INFORMATION SUPPLIED -
lemma Mlarg_nonneg: "0 < k \<Longrightarrow> k \<le> CARD('n) \<Longrightarrow> 0 \<le> Mlarg k (x :: real ^ 'n)"
  by (metis Mlarg_attained abs_ge_zero)

lemma card_abs_gt_Mlarg:
  fixes x :: "real ^ 'n"
  assumes "0 < k" and "k \<le> CARD('n)"
  shows "card {i. Mlarg k x < \<bar>x $ i\<bar>} < k"
proof -
  obtain ys where "Mlarg k x = ys ! (k - 1)" "sorted_wrt (\<ge>) ys" "length ys = CARD('n)"
    and "\<And>P. length (filter P ys) = card {i. P \<bar>x $ i\<bar>}"
    by (metis Mlarg_sorted_list)
  with assms sorted_desc_length_filter_gt_nth[of ys "k - 1"]
  have "card {i. Mlarg k x < \<bar>x $ i\<bar>} \<le> k - 1" by simp
  with assms(1) show ?thesis by linarith
qed

lemma card_abs_ge_Mlarg:
  fixes x :: "real ^ 'n"
  assumes "0 < k" and "k \<le> CARD('n)"
  shows "k \<le> card {i. Mlarg k x \<le> \<bar>x $ i\<bar>}"
proof -
  obtain ys where "Mlarg k x = ys ! (k - 1)" "sorted_wrt (\<ge>) ys" "length ys = CARD('n)"
    and "\<And>P. length (filter P ys) = card {i. P \<bar>x $ i\<bar>}"
    by (metis Mlarg_sorted_list)
  with assms sorted_desc_length_filter_ge_nth[of ys "k - 1"] show ?thesis by simp
qed

lemma l0norm_eq_card_I1: "l0norm x = card (I1 x)"
  by (simp add: l0norm_def I1_def)

lemma l0norm_mono: "I1 z \<subseteq> I1 x \<Longrightarrow> l0norm z \<le> l0norm x"
  by (simp add: l0norm_eq_card_I1 card_mono)

lemma card_I1_lt_if_Mlarg_zero:
  fixes x :: "real ^ 'n"
  assumes "0 < k" and "k \<le> CARD('n)" and "Mlarg k x = 0"
  shows "card (I1 x) < k"
  using card_abs_gt_Mlarg[OF assms(1,2), of x] assms(3) by (simp add: I1_def)

lemma I1_eq_Mlarg_superlevel:
  fixes x :: "real ^ 'n"
  assumes "0 < k" and "k \<le> CARD('n)" and "l0norm x \<le> k" and "0 < Mlarg k x"
  shows "I1 x = {i. Mlarg k x \<le> \<bar>x $ i\<bar>}" and "card (I1 x) = k"
proof -
  have sub: "{i. Mlarg k x \<le> \<bar>x $ i\<bar>} \<subseteq> I1 x"
    using assms(4) by (auto simp: I1_def)
  moreover have "card (I1 x) \<le> card {i. Mlarg k x \<le> \<bar>x $ i\<bar>}"
    using card_abs_ge_Mlarg[OF assms(1,2), of x] assms(3) by (simp add: l0norm_eq_card_I1)
  ultimately show "I1 x = {i. Mlarg k x \<le> \<bar>x $ i\<bar>}"
    by (metis card_seteq finite)
  then show "card (I1 x) = k"
    using card_abs_ge_Mlarg[OF assms(1,2), of x] assms(3) by (simp add: l0norm_eq_card_I1)
qed
lemma growth_rate_le_witnesses:
  assumes "growth_rate a = ereal lam" "ereal lam \<le> growth_rate b" "0 < \<epsilon>"
    and "eventually P sequentially"
  obtains N n where "\<And>l. N \<le> l \<Longrightarrow> real (a l) \<le> exp ((lam + \<epsilon>) * real l)"
    and "N \<le> n" "exp ((lam - \<epsilon>) * real n) \<le> real (b n)" "P n"
proof -
  have "eventually (\<lambda>l. real (a l) \<le> exp ((lam + \<epsilon>) * real l)) sequentially"
    using assms(1,3) by (intro eventually_le_exp_of_growth_rate_less) simp
  then obtain N where N: "\<And>l. N \<le> l \<Longrightarrow> real (a l) \<le> exp ((lam + \<epsilon>) * real l)"
    unfolding eventually_sequentially by blast
  have "ereal (lam - \<epsilon>) < ereal lam" using assms(3) by simp
  also have "\<dots> \<le> growth_rate b" by (fact assms(2))
  finally have "frequently (\<lambda>n. exp ((lam - \<epsilon>) * real n) \<le> real (b n)) sequentially"
    by (rule frequently_exp_le_of_less_growth_rate)
  moreover have "eventually (\<lambda>n. N \<le> n \<and> P n) sequentially"
    using assms(4) by (intro eventually_conj eventually_ge_at_top)
  ultimately obtain n where "exp ((lam - \<epsilon>) * real n) \<le> real (b n)" "N \<le> n" "P n"
    using frequently_ex[OF frequently_eventually_frequently] by blast
  with N that show thesis by blast
qed

lemma growth_rate_less_of_insertion_bound:
  fixes a b :: "nat \<Rightarrow> nat" and m C :: nat
  assumes "0 < m" and "growth_rate a \<noteq> \<infinity>" and "frequently (\<lambda>n. 0 < a n) sequentially"
    and insertion: "\<And>g n. b n * g ^ (n div (g * m))
      \<le> (\<Sum>l\<in>{n + n div (g * m) * m .. n + n div (g * m) * C}. a l)"
  shows "growth_rate b < growth_rate a"
proof (rule ccontr)
  assume "\<not> growth_rate b < growth_rate a"
  moreover obtain lam where lam: "growth_rate a = ereal lam" "0 \<le> lam"
    using growth_rate_nonneg[OF assms(3)] assms(2) by (cases "growth_rate a") auto
  ultimately have "ereal lam \<le> growth_rate b" by simp
  \<comment> \<open>Each insertion gains a factor g but lengthens the words by at most C, which the
    exponential bound on a turns into a loss of at most exp ((lam + 1) C); g must beat that.\<close>
  obtain g :: nat where "0 < g" and ln_g: "(lam + 1) * C + 2 \<le> ln (real g)"
    using ex_nat_ln_ge by blast
  define k where "k = g * m"
  have "0 < k" unfolding k_def using \<open>0 < g\<close> assms(1) by simp
  then have "1 \<le> real k" by linarith
  define \<epsilon> where "\<epsilon> = 1 / (2 * real k)"
  have "0 < \<epsilon>" unfolding \<epsilon>_def using \<open>1 \<le> real k\<close> by simp
  obtain N n where N: "\<And>l. N \<le> l \<Longrightarrow> real (a l) \<le> exp ((lam + \<epsilon>) * real l)"
    and n: "N \<le> n" "exp ((lam - \<epsilon>) * real n) \<le> real (b n)"
      "real n * real C + 1 < exp (real n / real k - 2)"
    using growth_rate_le_witnesses[OF lam(1) \<open>ereal lam \<le> growth_rate b\<close> \<open>0 < \<epsilon>\<close>
        eventually_linear_less_exp[of "real k" "real C"]] \<open>1 \<le> real k\<close> by auto
  define Q where "Q = n div k"
  have "exp ((lam - \<epsilon>) * real n + real Q * ln (real g)) \<le> real (b n) * real g ^ Q"
    using n(2) \<open>0 < g\<close> by (simp add: exp_add exp_of_nat_mult)
  also have "\<dots> \<le> (\<Sum>l\<in>{n + Q * m .. n + Q * C}. real (a l))"
    using insertion[of n g] unfolding Q_def k_def by (metis of_nat_le_iff of_nat_mult of_nat_power of_nat_sum)
  also have "\<dots> \<le> (real n * real C + 1) * exp ((lam + \<epsilon>) * real (n + Q * C))"
    using N n(1) lam(2) \<open>0 < \<epsilon>\<close> by (intro sum_window_le) (auto simp: Q_def)
  finally have "exp ((lam - 1 / (2 * real k)) * real n + real Q * ln (real g))
      \<le> (real n * real C + 1) * exp ((lam + 1 / (2 * real k)) * (real n + real Q * real C))"
    by (simp add: \<epsilon>_def)
  then have "exp (real n / real k - 2) \<le> real n * real C + 1"
    by (rule exp_le_of_insertion_estimate)
      (use \<open>1 \<le> real k\<close> ln_g real_nat_div_ge[of n k] in \<open>auto simp: Q_def\<close>)
  with n(3) show False by simp
qed

lemma path_append:
  "path X E x u z \<Longrightarrow> path X E z w y \<Longrightarrow> path X E x (u @ w) y"
  by (induction rule: path.induct) (auto intro: path.intros)

lemma path_replicate:
  assumes "path X E y c y" "y \<in> X"
  shows "path X E y (concat (replicate j c)) y"
  by (induction j) (auto intro: path.intros assms path_append)

locale det_graph =
  fixes X :: "'v set" and E :: "('v \<times> 'a \<times> 'v) set" and \<Sigma> :: "'a set"
  assumes labelled: "labelled_graph X E \<Sigma>"
    and deterministic: "fully_deterministic X E \<Sigma>"
begin

lemma edges_subset: "E \<subseteq> X \<times> \<Sigma> \<times> X"
  and finite_alphabet: "finite \<Sigma>"
  using labelled unfolding labelled_graph_def by auto

lemma path_in_graph:
  assumes "path X E x w y"
  shows "set w \<subseteq> \<Sigma> \<and> x \<in> X \<and> y \<in> X"
  using assms edges_subset by (induction rule: path.induct) auto

lemma path_append_iff:
  "path X E x (u @ w) y \<longleftrightarrow> (\<exists>z. path X E x u z \<and> path X E z w y)"
proof
  show "path X E x (u @ w) y \<Longrightarrow> \<exists>z. path X E x u z \<and> path X E z w y"
  proof (induction u arbitrary: x)
    case Nil
    then have "x \<in> X" using path_in_graph by simp
    with Nil show ?case by (auto intro: path.path_nil)
  next
    case (Cons a u)
    then obtain z where "(x, a, z) \<in> E" "path X E z (u @ w) y"
      by (auto elim: path.cases)
    with Cons.IH show ?case by (blast intro: path_cons)
  qed
qed (auto intro: path_append)

lemma path_unique:
  "path X E x w y \<Longrightarrow> path X E x w y' \<Longrightarrow> y = y'"
proof (induction arbitrary: y' rule: path.induct)
  case (path_nil x)
  then show ?case by (auto elim: path.cases)
next
  case (path_cons x a z w y)
  from path_cons.prems obtain z' where z': "(x, a, z') \<in> E" "path X E z' w y'"
    by (auto elim: path.cases)
  have "x \<in> X" "a \<in> \<Sigma>" using path_cons.hyps(1) edges_subset by auto
  then have "\<exists>!z. (x, a, z) \<in> E" using deterministic unfolding fully_deterministic_def by blast
  then have "z = z'" using path_cons.hyps(1) z'(1) by blast
  with path_cons.IH \<open>path X E z' w y'\<close> show ?case by blast
qed

lemma path_exists:
  "x \<in> X \<Longrightarrow> set w \<subseteq> \<Sigma> \<Longrightarrow> \<exists>y. path X E x w y"
proof (induction w arbitrary: x)
  case Nil
  then show ?case by (blast intro: path_nil)
next
  case (Cons a w)
  then have "x \<in> X" "a \<in> \<Sigma>" "set w \<subseteq> \<Sigma>" by auto
  then obtain z where "(x, a, z) \<in> E"
    using deterministic unfolding fully_deterministic_def by blast
  moreover have "z \<in> X" using calculation edges_subset by blast
  ultimately show ?case using Cons.IH \<open>set w \<subseteq> \<Sigma>\<close> by (blast intro: path.path_cons)
qed

definition target :: "'v \<Rightarrow> 'a list \<Rightarrow> 'v" where
  "target x w = (THE y. path X E x w y)"

lemma target_eq: "path X E x w y \<Longrightarrow> target x w = y"
  unfolding target_def using path_unique by blast

lemma path_target: "x \<in> X \<Longrightarrow> set w \<subseteq> \<Sigma> \<Longrightarrow> path X E x w (target x w)"
  using path_exists target_eq by blast

lemma lang_alphabet: "w \<in> lang X E x y \<Longrightarrow> set w \<subseteq> \<Sigma>"
  unfolding lang_def using path_in_graph by blast

lemma finite_lang_level: "finite {w \<in> lang X E x y. length w = n}"
  by (rule finite_subset[OF _ finite_lists_length_eq[OF finite_alphabet, of n]])
    (use lang_alphabet in auto)

lemma nwords_lang_le: "nwords (lang X E x y) n \<le> card \<Sigma> ^ n"
  unfolding nwords_def card_lists_length_eq[OF finite_alphabet, symmetric]
  by (rule card_mono[OF finite_lists_length_eq[OF finite_alphabet]]) (use lang_alphabet in auto)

YOUR OBJECTIVE -
Lines from the start of the material above through the line containing "z \<subseteq> I1" are to be duplicated exactly, and only those.

TASK SOLUTION -
lemma Mlarg_nonneg: "0 < k \<Longrightarrow> k \<le> CARD('n) \<Longrightarrow> 0 \<le> Mlarg k (x :: real ^ 'n)"
  by (metis Mlarg_attained abs_ge_zero)

lemma card_abs_gt_Mlarg:
  fixes x :: "real ^ 'n"
  assumes "0 < k" and "k \<le> CARD('n)"
  shows "card {i. Mlarg k x < \<bar>x $ i\<bar>} < k"
proof -
  obtain ys where "Mlarg k x = ys ! (k - 1)" "sorted_wrt (\<ge>) ys" "length ys = CARD('n)"
    and "\<And>P. length (filter P ys) = card {i. P \<bar>x $ i\<bar>}"
    by (metis Mlarg_sorted_list)
  with assms sorted_desc_length_filter_gt_nth[of ys "k - 1"]
  have "card {i. Mlarg k x < \<bar>x $ i\<bar>} \<le> k - 1" by simp
  with assms(1) show ?thesis by linarith
qed

lemma card_abs_ge_Mlarg:
  fixes x :: "real ^ 'n"
  assumes "0 < k" and "k \<le> CARD('n)"
  shows "k \<le> card {i. Mlarg k x \<le> \<bar>x $ i\<bar>}"
proof -
  obtain ys where "Mlarg k x = ys ! (k - 1)" "sorted_wrt (\<ge>) ys" "length ys = CARD('n)"
    and "\<And>P. length (filter P ys) = card {i. P \<bar>x $ i\<bar>}"
    by (metis Mlarg_sorted_list)
  with assms sorted_desc_length_filter_ge_nth[of ys "k - 1"] show ?thesis by simp
qed

lemma l0norm_eq_card_I1: "l0norm x = card (I1 x)"
  by (simp add: l0norm_def I1_def)

lemma l0norm_mono: "I1 z \<subseteq> I1 x \<Longrightarrow> l0norm z \<le> l0norm x"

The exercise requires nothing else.